Citizen Journalism At Its Finest
This week, my Free Times media column is about Jane Wood, a 66-year-old Shaker Heights retiree who, for the last three years, has produced what I'd consider perhaps the leading example of citizen journalism to be found anywhere in Greater Cleveland during that time. The good news is that since she began her weekly email newsletter, This Week in Shaker, she has been joined by such fine, noble efforts as the Lakewood Observer and Meet the Bloggers. The bad news: she is moving back to her native California and her newsletter, even if it survives, will have to do without her. I simply can't conceive of how she could be replaced, even by a half dozen people. But I hope I'm wrong.
I've watched Jane with some fascination, mostly from afar, for nearly 20 years. For most of that time, I knew her only as the editor of a singularly excellent publication, Shaker Magazine, which seemed all the more amazing because it was a house organ of the internationally renowned suburb. And I knew that as a city employee, she was on the hot seat, with mayors and city councilpeople breathing down her neck, trying to dumb down the pub in all the usual dreary ways. And yet, month after month for many years, she somehow ran that gauntlet, protected her independence and produced a well-written, attractive and (this is the really surprising part) fully credible piece of work that didn't sound like your normal, stilted house organ dreck.
Instead, it was smart and inspired. It had a warm (if at times formal, even occasionally starchy), knowing voice that's always lurking just beneath the surface of every good publication. It ended with a witty, literate column, Shaker Man, written by a fine writer, John Brandt. Reading it all made you think Shaker was the best kind of city, a community so confident in its excellence and uniqueness as to publish a real magazine, not the usual high-concept PR garbage with nice photos and no soul. It actually reminded me a bit of how a number of top-flight universities (like Notre Dame, for example) invest in and support first-rate publications with real intellectual depth and a fair measure of independence. They somehow avoid seeming like the usual shills for the sponsoring institution--generally because of the talent, professionalism and especially the professional confidence of the editors themselves. Done right, it can become the best possible kind of advertising for an institution.

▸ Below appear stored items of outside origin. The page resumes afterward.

(* Let $\varrho:\mathbb{R}\to\mathbb{R}$ be Lipschitz continuous but not affine-linear. Let $S=(N_0,\dots,N_{L-1},1)$ be a network architecture with $L\ge2$, $N_0=d$ and $N_1\ge3$, and let $\Omega\subset\mathbb{R}^d$ be bounded with nonempty interior. Then there is a sequence $(\Phi_n)_{n\in\mathbb{N}}\subset\mathcal{NN}(S)$ such that (1) $\mathrm{R}_\varrho^\Omega(\Phi_n)\to0$ uniformly on $\Omega$, and (2) $\mathrm{Lip}(\mathrm{R}_\varrho^\Omega(\Phi_n))\to\infty$ as $n\to\infty$. Moreover, if $(\Phi_n)_{n\in\mathbb{N}}\subset\mathcal{NN}(S)$ is any sequence with properties (1) and (2), then for every sequence $(\Psi_n)_{n\in\mathbb{N}}\subset\mathcal{NN}(S)$ with $\mathrm{R}_\varrho^\Omega(\Psi_n)=\mathrm{R}_\varrho^\Omega(\Phi_n)$ for all $n$, we have $\|\Psi_n\|_{\mathrm{scaling}}\to\infty$.
   Context: A neural network with architecture $S=(N_0,\dots,N_L)$ is a family $\Phi=((A_\ell,b_\ell))_{\ell=1}^L$, $A_\ell\in\mathbb{R}^{N_\ell\times N_{\ell-1}}$, $b_\ell\in\mathbb{R}^{N_\ell}$; $\mathcal{NN}(S)$ is the set of these; $\|\Phi\|_{\mathrm{scaling}}=\max_\ell\|A_\ell\|_{\max}$ with $\|\cdot\|_{\max}$ the maximal absolute entry. $\mathrm{R}_\varrho^\Omega(\Phi):\Omega\to\mathbb{R}^{N_L}$, $x\mapsto x_L$, where $x_0=x$, $x_\ell=\varrho(A_\ell x_{\ell-1}+b_\ell)$ for $1\le\ell\le L-1$ (componentwise), $x_L=A_Lx_{L-1}+b_L$. $\mathrm{Lip}(f)$ denotes the smallest Lipschitz constant of $f$. *)

theory Defs
  imports "HOL-Analysis.Analysis" "HOL-Library.Extended_Real"
begin

type_synonym mat = "nat \<Rightarrow> nat \<Rightarrow> real"
type_synonym vect = "nat \<Rightarrow> real"
type_synonym network = "(mat \<times> vect) list"
(* Let $G=\mathbb{Z}_{d_1}\times\cdots\times\mathbb{Z}_{d_m}$ and $N=\mathbb{Z}_{d'_1}\times\cdots\times\mathbb{Z}_{d'_{m'}}$ be groups of the same order $n$, and let $f:G\to\tilde N$ be a function. For $r\in N$ and $k\in G$ define $v^{(r)}_k\in\mathbb{C}^G$ by $$(v^{(r)}_k)_\ell=\frac1{\sqrt n}\,\chi_k(\ell)\,\chi_r(f(\ell)),\qquad \ell\in G,$$ and let $M_r$ be the $n\times n$ matrix with columns $v^{(r)}_k$, $k\in G$. Then $\{M_r: r\in N\}$ is a complete system of mutually unbiased Hadamards if and only if for all $g_1,g_2,g_3,g_4\in G$ with $g_1+g_2=g_3+g_4$ and $\{g_1,g_2\}\neq\{g_3,g_4\}$ (as multisets) we have $f(g_1)+f(g_2)-f(g_3)-f(g_4)\in\tilde N^*$.
   Context: $\mathbb{R}_d$ is the additive group of reals modulo $d$; $\tilde N=\mathbb{R}_{d'_1}\times\cdots\times\mathbb{R}_{d'_{m'}}\supseteq N$. For $a\in G$, $b\in G$: $\chi_a(b)=\exp(\sum_{j}\frac{2\pi i}{d_j}a_jb_j)$; for $r\in N$, $x\in\tilde N$: $\chi_r(x)=\exp(\sum_j\frac{2\pi i}{d'_j}r_jx_j)$. $\tilde N^*$ is the set of $x\in\tilde N$ having at least one component $x_j$ that is an integer not congruent to $0$ mod $d'_j$. A complex Hadamard matrix is a unitary $n\times n$ matrix all of whose entries have absolute value $1/\sqrt n$; two are mutually unbiased if $|\langle x|y\rangle|=1/\sqrt n$ for every column $x$ of one and column $y$ of the other; a complete system of mutually unbiased Hadamards is a set of $n$ pairwise mutually unbiased complex Hadamard $n\times n$ matrices. *)

theory Defs
  imports Complex_Main "HOL-Library.Multiset"
begin

text \<open>Finite abelian group Z_{d_0} x ... x Z_{d_{m-1}}: elements are integer vectors
  (functions nat => int) with 0 <= g j < d j for j < m and g j = 0 for j >= m.\<close>
definition zgrp :: "nat \<Rightarrow> (nat \<Rightarrow> nat) \<Rightarrow> (nat \<Rightarrow> int) set" where
  "zgrp m d = {g. (\<forall>j<m. 0 \<le> g j \<and> g j < int (d j)) \<and> (\<forall>j\<ge>m. g j = 0)}"

definition zadd :: "nat \<Rightarrow> (nat \<Rightarrow> nat) \<Rightarrow> (nat \<Rightarrow> int) \<Rightarrow> (nat \<Rightarrow> int) \<Rightarrow> (nat \<Rightarrow> int)" where
  "zadd m d g h = (\<lambda>j. if j < m then (g j + h j) mod int (d j) else 0)"

definition rmod :: "real \<Rightarrow> real \<Rightarrow> real" where
  "rmod x d = x - d * of_int \<lfloor>x / d\<rfloor>"

text \<open>The torus R_{d'_0} x ... x R_{d'_{m'-1}}: real vectors with 0 <= x j < d' j for j < m',
  and x j = 0 for j >= m'.\<close>
definition rtorus :: "nat \<Rightarrow> (nat \<Rightarrow> nat) \<Rightarrow> (nat \<Rightarrow> real) set" where
  "rtorus m d = {x. (\<forall>j<m. 0 \<le> x j \<and> x j < real (d j)) \<and> (\<forall>j\<ge>m. x j = 0)}"

definition tcomb :: "nat \<Rightarrow> (nat \<Rightarrow> nat) \<Rightarrow> (nat \<Rightarrow> real) \<Rightarrow> (nat \<Rightarrow> real) \<Rightarrow> (nat \<Rightarrow> real)
     \<Rightarrow> (nat \<Rightarrow> real) \<Rightarrow> (nat \<Rightarrow> real)" where
  "tcomb m d a b c e = (\<lambda>j. if j < m then rmod (a j + b j - c j - e j) (real (d j)) else 0)"

definition tstar :: "nat \<Rightarrow> (nat \<Rightarrow> nat) \<Rightarrow> (nat \<Rightarrow> real) set" where
  "tstar m d = {x \<in> rtorus m d. \<exists>j<m. \<exists>k::int. x j = of_int k \<and> \<not> (int (d j) dvd k)}"

definition chiG :: "nat \<Rightarrow> (nat \<Rightarrow> nat) \<Rightarrow> (nat \<Rightarrow> int) \<Rightarrow> (nat \<Rightarrow> int) \<Rightarrow> complex" where
  "chiG m d a b = exp (\<Sum>j<m. 2 * of_real pi * \<i> * of_int (a j) * of_int (b j) / of_nat (d j))"

definition chiN :: "nat \<Rightarrow> (nat \<Rightarrow> nat) \<Rightarrow> (nat \<Rightarrow> int) \<Rightarrow> (nat \<Rightarrow> real) \<Rightarrow> complex" where
  "chiN m d r x = exp (\<Sum>j<m. 2 * of_real pi * \<i> * of_int (r j) * of_real (x j) / of_nat (d j))"

text \<open>Matrices indexed by a finite set I: M i k is the entry in row i, column k;
  column k is the vector (\<lambda>i. M i k).  Inner product <x|y> = sum conj(x i) * y i.\<close>
definition inner_c :: "'i set \<Rightarrow> ('i \<Rightarrow> complex) \<Rightarrow> ('i \<Rightarrow> complex) \<Rightarrow> complex" where
  "inner_c I x y = (\<Sum>i\<in>I. cnj (x i) * y i)"

definition col :: "('i \<Rightarrow> 'i \<Rightarrow> complex) \<Rightarrow> 'i \<Rightarrow> ('i \<Rightarrow> complex)" where
  "col M k = (\<lambda>i. M i k)"

definition unitary_mat :: "'i set \<Rightarrow> ('i \<Rightarrow> 'i \<Rightarrow> complex) \<Rightarrow> bool" where
  "unitary_mat I M \<longleftrightarrow>
     (\<forall>i\<in>I. \<forall>k\<in>I. (\<Sum>j\<in>I. cnj (M j i) * M j k) = (if i = k then 1 else 0)) \<and>
     (\<forall>i\<in>I. \<forall>k\<in>I. (\<Sum>j\<in>I. M i j * cnj (M k j)) = (if i = k then 1 else 0))"

definition complex_hadamard :: "'i set \<Rightarrow> ('i \<Rightarrow> 'i \<Rightarrow> complex) \<Rightarrow> bool" where
  "complex_hadamard I M \<longleftrightarrow> unitary_mat I M \<and>
     (\<forall>i\<in>I. \<forall>k\<in>I. cmod (M i k) = 1 / sqrt (real (card I)))"

definition mutually_unbiased :: "'i set \<Rightarrow> ('i \<Rightarrow> 'i \<Rightarrow> complex) \<Rightarrow> ('i \<Rightarrow> 'i \<Rightarrow> complex) \<Rightarrow> bool" where
  "mutually_unbiased I A B \<longleftrightarrow>
     (\<forall>k\<in>I. \<forall>k'\<in>I. cmod (inner_c I (col A k) (col B k')) = 1 / sqrt (real (card I)))"

text \<open>A complete system of mutually unbiased Hadamards: a set of card I pairwise mutually unbiased
  complex Hadamard matrices.  Matrices are compared on I x I, so we use matrices that are 0 off I x I.\<close>
definition complete_MUH :: "'i set \<Rightarrow> ('i \<Rightarrow> 'i \<Rightarrow> complex) set \<Rightarrow> bool" where
  "complete_MUH I S \<longleftrightarrow> finite S \<and> card S = card I \<and>
     (\<forall>M\<in>S. complex_hadamard I M) \<and>
     (\<forall>A\<in>S. \<forall>B\<in>S. A \<noteq> B \<longrightarrow> mutually_unbiased I A B)"

definition Mr :: "nat \<Rightarrow> (nat \<Rightarrow> nat) \<Rightarrow> nat \<Rightarrow> (nat \<Rightarrow> nat) \<Rightarrow> ((nat \<Rightarrow> int) \<Rightarrow> (nat \<Rightarrow> real))
     \<Rightarrow> (nat \<Rightarrow> int) \<Rightarrow> (nat \<Rightarrow> int) \<Rightarrow> (nat \<Rightarrow> int) \<Rightarrow> complex" where
  "Mr m d m' d' f r = (\<lambda>l k. if l \<in> zgrp m d \<and> k \<in> zgrp m d then
      chiG m d k l * chiN m' d' r (f l) / of_real (sqrt (real (card (zgrp m d)))) else 0)"

end

theory Submission
  imports Defs
begin

text \<open>
  Proof idea (fourth-moment argument).  Let \<open>h_r(l) = \<chi>_r(f l)\<close>, \<open>u = conj(h_r) h_{r'}\<close> and
  \<open>z(k,k') = \<Sum>_l conj(\<chi>_k(l)) \<chi>_{k'}(l) u(l)\<close>, so that the inner product of column \<open>k\<close>
  of \<open>M_r\<close> with column \<open>k'\<close> of \<open>M_{r'}\<close> is \<open>z(k,k')/n\<close>; the two matrices are mutually
  unbiased iff \<open>|z(k,k')|^2 = n\<close> for all \<open>k, k'\<close>.  By Parseval \<open>\<Sum> |z|^2 = n^3\<close>, and the
  fourth moment \<open>\<Sum> |z|^4\<close> is \<open>n^2\<close> times the additive energy of \<open>u\<close>.  Summing over all pairs
  \<open>r \<noteq> r'\<close> gives the identity
     \<open>\<Sum>_{r\<noteq>r'} \<Sum>_{k,k'} (|z|^2 - n)^2 = n^2 \<Sum>_{a+b=c+e, nontrivial} |W(a,b,c,e)|^2\<close>
  with \<open>W = \<Sum>_r h_r(a) h_r(b) conj(h_r(c) h_r(e))\<close>, so both sides vanish simultaneously.
  For the concrete characters, \<open>W = \<Sum>_r \<chi>_r(f a + f b - f c - f e)\<close> is a product of
  geometric sums, which vanishes iff that element lies in \<open>\<tilde>N^*\<close>.
\<close>

lemma sum_swap_outer_inner:
  "(\<Sum>k\<in>A. \<Sum>k'\<in>B. \<Sum>p\<in>C. \<Sum>p'\<in>D. P k k' p p') = (\<Sum>p\<in>C. \<Sum>p'\<in>D. \<Sum>k\<in>A. \<Sum>k'\<in>B. P k k' p p')"
proof -
  have "(\<Sum>k\<in>A. \<Sum>k'\<in>B. \<Sum>p\<in>C. \<Sum>p'\<in>D. P k k' p p') = (\<Sum>k\<in>A. \<Sum>p\<in>C. \<Sum>k'\<in>B. \<Sum>p'\<in>D. P k k' p p')"
    by (rule sum.cong[OF refl], rule sum.swap)
  also have "\<dots> = (\<Sum>p\<in>C. \<Sum>k\<in>A. \<Sum>k'\<in>B. \<Sum>p'\<in>D. P k k' p p')" by (rule sum.swap)
  also have "\<dots> = (\<Sum>p\<in>C. \<Sum>k\<in>A. \<Sum>p'\<in>D. \<Sum>k'\<in>B. P k k' p p')"
    by (rule sum.cong[OF refl], rule sum.cong[OF refl], rule sum.swap)
  also have "\<dots> = (\<Sum>p\<in>C. \<Sum>p'\<in>D. \<Sum>k\<in>A. \<Sum>k'\<in>B. P k k' p p')"
    by (rule sum.cong[OF refl], rule sum.swap)
  finally show ?thesis .
qed

text \<open>Expansion of a double sum of squared moduli of bilinear expressions; this is the common
  computation behind Parseval's identity and the fourth-moment identity below.\<close>
lemma double_sum_norm_square_expand:
  fixes \<alpha> \<beta> :: "'k \<Rightarrow> 'p \<Rightarrow> complex" and v :: "'p \<Rightarrow> complex"
  shows "(\<Sum>k\<in>K. \<Sum>k'\<in>K. (\<Sum>p\<in>P. \<alpha> k p * \<beta> k' p * v p) * cnj (\<Sum>p\<in>P. \<alpha> k p * \<beta> k' p * v p))
   = (\<Sum>p\<in>P. \<Sum>p'\<in>P. v p * cnj (v p') * (\<Sum>k\<in>K. \<alpha> k p * cnj (\<alpha> k p')) * (\<Sum>k'\<in>K. \<beta> k' p * cnj (\<beta> k' p')))"
proof -
  have "(\<Sum>k\<in>K. \<Sum>k'\<in>K. (\<Sum>p\<in>P. \<alpha> k p * \<beta> k' p * v p) * cnj (\<Sum>p\<in>P. \<alpha> k p * \<beta> k' p * v p))
     = (\<Sum>k\<in>K. \<Sum>k'\<in>K. \<Sum>p\<in>P. \<Sum>p'\<in>P. (\<alpha> k p * \<beta> k' p * v p) * cnj (\<alpha> k p' * \<beta> k' p' * v p'))"
    by (simp add: sum_product cnj_sum)
  also have "\<dots> = (\<Sum>p\<in>P. \<Sum>p'\<in>P. \<Sum>k\<in>K. \<Sum>k'\<in>K. (\<alpha> k p * \<beta> k' p * v p) * cnj (\<alpha> k p' * \<beta> k' p' * v p'))"
    by (rule sum_swap_outer_inner)
  also have "\<dots> = (\<Sum>p\<in>P. \<Sum>p'\<in>P. v p * cnj (v p') * (\<Sum>k\<in>K. \<alpha> k p * cnj (\<alpha> k p')) * (\<Sum>k'\<in>K. \<beta> k' p * cnj (\<beta> k' p')))"
    by (simp add: sum_product sum_distrib_left mult_ac)
  finally show ?thesis .
qed

lemma sum_pairs: "(\<Sum>p\<in>A\<times>B. G p) = (\<Sum>a\<in>A. \<Sum>b\<in>B. G (a,b))"
  by (simp add: sum.cartesian_product)

lemma sum2_nonneg_eq_0_iff:
  fixes g :: "'a \<Rightarrow> 'b \<Rightarrow> real"
  assumes "finite A" "finite B" "\<And>x y. x\<in>A \<Longrightarrow> y\<in>B \<Longrightarrow> 0 \<le> g x y"
  shows "(\<Sum>x\<in>A. \<Sum>y\<in>B. g x y) = 0 \<longleftrightarrow> (\<forall>x\<in>A. \<forall>y\<in>B. g x y = 0)"
proof -
  have "(\<Sum>x\<in>A. \<Sum>y\<in>B. g x y) = 0 \<longleftrightarrow> (\<forall>x\<in>A. (\<Sum>y\<in>B. g x y) = 0)"
    using assms by (intro sum_nonneg_eq_0_iff) (auto intro: sum_nonneg)
  also have "\<dots> \<longleftrightarrow> (\<forall>x\<in>A. \<forall>y\<in>B. g x y = 0)"
    using assms by (simp add: sum_nonneg_eq_0_iff)
  finally show ?thesis .
qed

In the meantime, she was an especially admired figure, by all accounts. For years, one of the main things I heard about her from other writers was how encouraging and supportive she was, how much of a fine mentor she had been to successive waves of Sun newspaper reporters on the Shaker beat. They had every reason to be suspicious of if not hostile to a city flak; they came to have every reason to love and admire Jane, who was anything but.
As it turned out, she was only getting started. When she retired from the city three years ago--perhaps in part because of pressure from then-councilwoman, now mayor Judy Rawson's hammering on the line item in the city's budget for the magazine, according to some accounts--they recognized her career by establishing an award in her honor. The Jane Wood Award for Outstanding Journalism annually goes to the Shaker High student who displays talents on the school newspaper. Contributors to the fund, which has grown to at least $5,000, included the likes of former Cleveland mayor Jane Campbell and county commissioner Peter Lawson Jones.
But she saved her best act for last: her fiercely independent email newsletter, begun in April '03, applied what can only be called a proctological form of attention on the city she knows best, and which she continued to care about, now as a citizen rather than merely an employee. She became the fully engaged eyes, ears and even conscience of a suburb steeped in history, charm and the racial and other complications that come with being an inner ring suburb. And she did so with a level of detail, institutional knowledge and insulation from interference that puts even the best newspaper to shame. There's just no easy way to lavish so much serious attention on and space for coverage of a single suburb, at least not as major metro papers are presently constituted.
The larger point, of course, is this. The media organizations that will thrive in the new era will be those that best figure out the business model for how to fill this void and hunger for hard and reliable information on the kind of basic governmental services that Jane Wood so ably provided, but which most papers have increasingly abandoned. Coverage of the myriad government offshoots and all their sometime mind-numbing banality and complexity don't show up well in reader focus groups, and many younger-generation journalists look down on this stuff as blandly incremental "process" stories, in any case. You don't win many awards and you certainly don't rise up journalism's career ladder these days by giving your life over to it, even if our democratic institutions depend on this scrutiny.
While even good newspapers are being forced to continue to soften their coverage with lifestyle features and other frilly fare (the New York Times, unbelievably, recently hired a "fragrance" editor), that doesn't mean citizens have stopped craving the meat and potatoes. The need for an informed citizenry demands that we somehow get to the bottom of this conundrum. And Jane Wood certainly provides a hell of a roadmap worth contemplating.